想到这,银屏情不自禁地伸手,隔着脸上的薄纱,去摸那薄纱下的疤痕。
自从那次死里逃生之后,虽然她受的伤痊愈了,但脸上也留下了永远都不可能抹去的疤痕,以致于得戴面纱过一辈子,再不能以原来的面貌示人!
她恨!蚀骨的恨!恨不得将那害她的人碎尸万段!
银屏的眼眸里流露出强烈的怨恨来,浑身的气息也变了。
白苏和白芷原就是暗卫,那敏锐程度便不在话下,银屏的气息一变,她们就察觉到了,不约而同地朝银屏瞧来。
被两双犀利的眸子盯着,银屏吓得差点儿站不住脚,稳了稳心神,道,“奴婢想起老太爷那儿还有事儿,奴婢就先告退了。

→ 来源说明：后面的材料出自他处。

(* Let $r\geq 1$ and $n_1,\ldots,n_r>1$ be integers, let $R=\mathbb{Z}_{n_1}\oplus\cdots\oplus \mathbb{Z}_{n_r}$ be the direct sum of the residue class rings $\mathbb{Z}_{n_1},\ldots,\mathbb{Z}_{n_r}$, let $\mathcal{S}_R$ be the multiplicative semigroup of the ring $R$, and let ${\rm U}(\mathcal{S}_R)$ be the group of units of $\mathcal{S}_R$. Then $${\rm D}({\rm U}(\mathcal{S}_R))+P_2\leq {\rm D}(\mathcal{S}_R)\leq {\rm D}({\rm U}(\mathcal{S}_R))+\delta,$$ where $P_2=\#\{i\in [1,r]: 2 \parallel n_i\}$ (i.e. $2\mid n_i$ but $4\nmid n_i$) and $\delta=\#\{i\in [1,r]: 2\mid n_i\}$.
   Context: For a finite commutative semigroup $\mathcal{S}$ (with operation written $+$), a sequence $T=a_1a_2\cdots a_\ell$ of elements of $\mathcal{S}$ (a finite multiset; order irrelevant) is called reducible if there is a proper subsequence $T'$ of $T$ (possibly empty, a sub-multiset different from $T$) whose sum equals the sum of all terms of $T$; the sum of the empty sequence is the identity element of $\mathcal{S}$ (here $\mathcal{S}$ has an identity). The Davenport constant ${\rm D}(\mathcal{S})$ is the smallest positive integer $\ell$ such that every sequence of elements of $\mathcal{S}$ of length at least $\ell$ is reducible. For a finite abelian group $G$ this coincides with the classical Davenport constant: the smallest $\ell$ such that every sequence of $\ell$ elements of $G$ has a nonempty subsequence summing to the identity. The semigroup $\mathcal{S}_R$ has as its operation the ring multiplication of $R$ (written additively as $+$ in the semigroup), with identity element $(\overline{1},\ldots,\overline{1})$; ${\rm U}(\mathcal{S}_R)$ is the set of elements having an inverse under this operation. *)

theory Defs
  imports Main "HOL-Library.Multiset"
begin

text \<open>A finite commutative monoid is given by a carrier S, an operation f
(written additively in the paper) and an identity e.\<close>

definition seq_sum :: "('a \<Rightarrow> 'a \<Rightarrow> 'a) \<Rightarrow> 'a \<Rightarrow> 'a multiset \<Rightarrow> 'a" where
  "seq_sum f e T = fold_mset f e T"

definition reducible :: "('a \<Rightarrow> 'a \<Rightarrow> 'a) \<Rightarrow> 'a \<Rightarrow> 'a multiset \<Rightarrow> bool" where
  "reducible f e T \<longleftrightarrow> (\<exists>T'. T' \<subset># T \<and> seq_sum f e T' = seq_sum f e T)"

definition davenport :: "'a set \<Rightarrow> ('a \<Rightarrow> 'a \<Rightarrow> 'a) \<Rightarrow> 'a \<Rightarrow> nat" where
  "davenport S f e = (LEAST l. 0 < l \<and>
     (\<forall>T. set_mset T \<subseteq> S \<and> l \<le> size T \<longrightarrow> reducible f e T))"

definition monoid_units :: "'a set \<Rightarrow> ('a \<Rightarrow> 'a \<Rightarrow> 'a) \<Rightarrow> 'a \<Rightarrow> 'a set" where
  "monoid_units S f e = {x \<in> S. \<exists>y \<in> S. f x y = e \<and> f y x = e}"

text \<open>The ring R = Z_{n_0} (+) ... (+) Z_{n_(r-1)}: elements are functions
nat => nat with x i < n i for i < r and x i = 0 for i >= r (canonical
representatives).  S_R is its multiplicative monoid.\<close>
definition SR_carrier :: "nat \<Rightarrow> (nat \<Rightarrow> nat) \<Rightarrow> (nat \<Rightarrow> nat) set" where
  "SR_carrier r n = {x. (\<forall>i<r. x i < n i) \<and> (\<forall>i. r \<le> i \<longrightarrow> x i = 0)}"

definition SR_mult :: "nat \<Rightarrow> (nat \<Rightarrow> nat) \<Rightarrow> (nat \<Rightarrow> nat) \<Rightarrow> (nat \<Rightarrow> nat) \<Rightarrow> (nat \<Rightarrow> nat)" where
  "SR_mult r n x y = (\<lambda>i. if i < r then (x i * y i) mod n i else 0)"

”说着,银屏飞快地蹲身行了一礼,也不管朱珠同不同意,逃也似地出了屋子,伴随着身上那银铃清脆的声响。
屋子里头,朱珠三人你瞧瞧我,我瞧瞧你,均不知该说什么好。
好半晌,白芷撇了撇嘴,道,“奴婢瞧着这银屏有问题。”
白苏点头,表示赞同。
“你们觉不觉得这银屏瞧着有些熟悉?”这时,朱珠若有所思地问道。
白苏和白芷一怔,仔细思索了一番,均是摇了摇头,表示未曾有熟悉之感。
“可我却……”朱珠话未说完,头一歪,又睡了过去。
白苏和白芷已经习以为常,早没了初时的惶恐,手脚麻利地伺候着朱珠重新睡下,留了一人在屋子里伺候,一人去灶房熬药。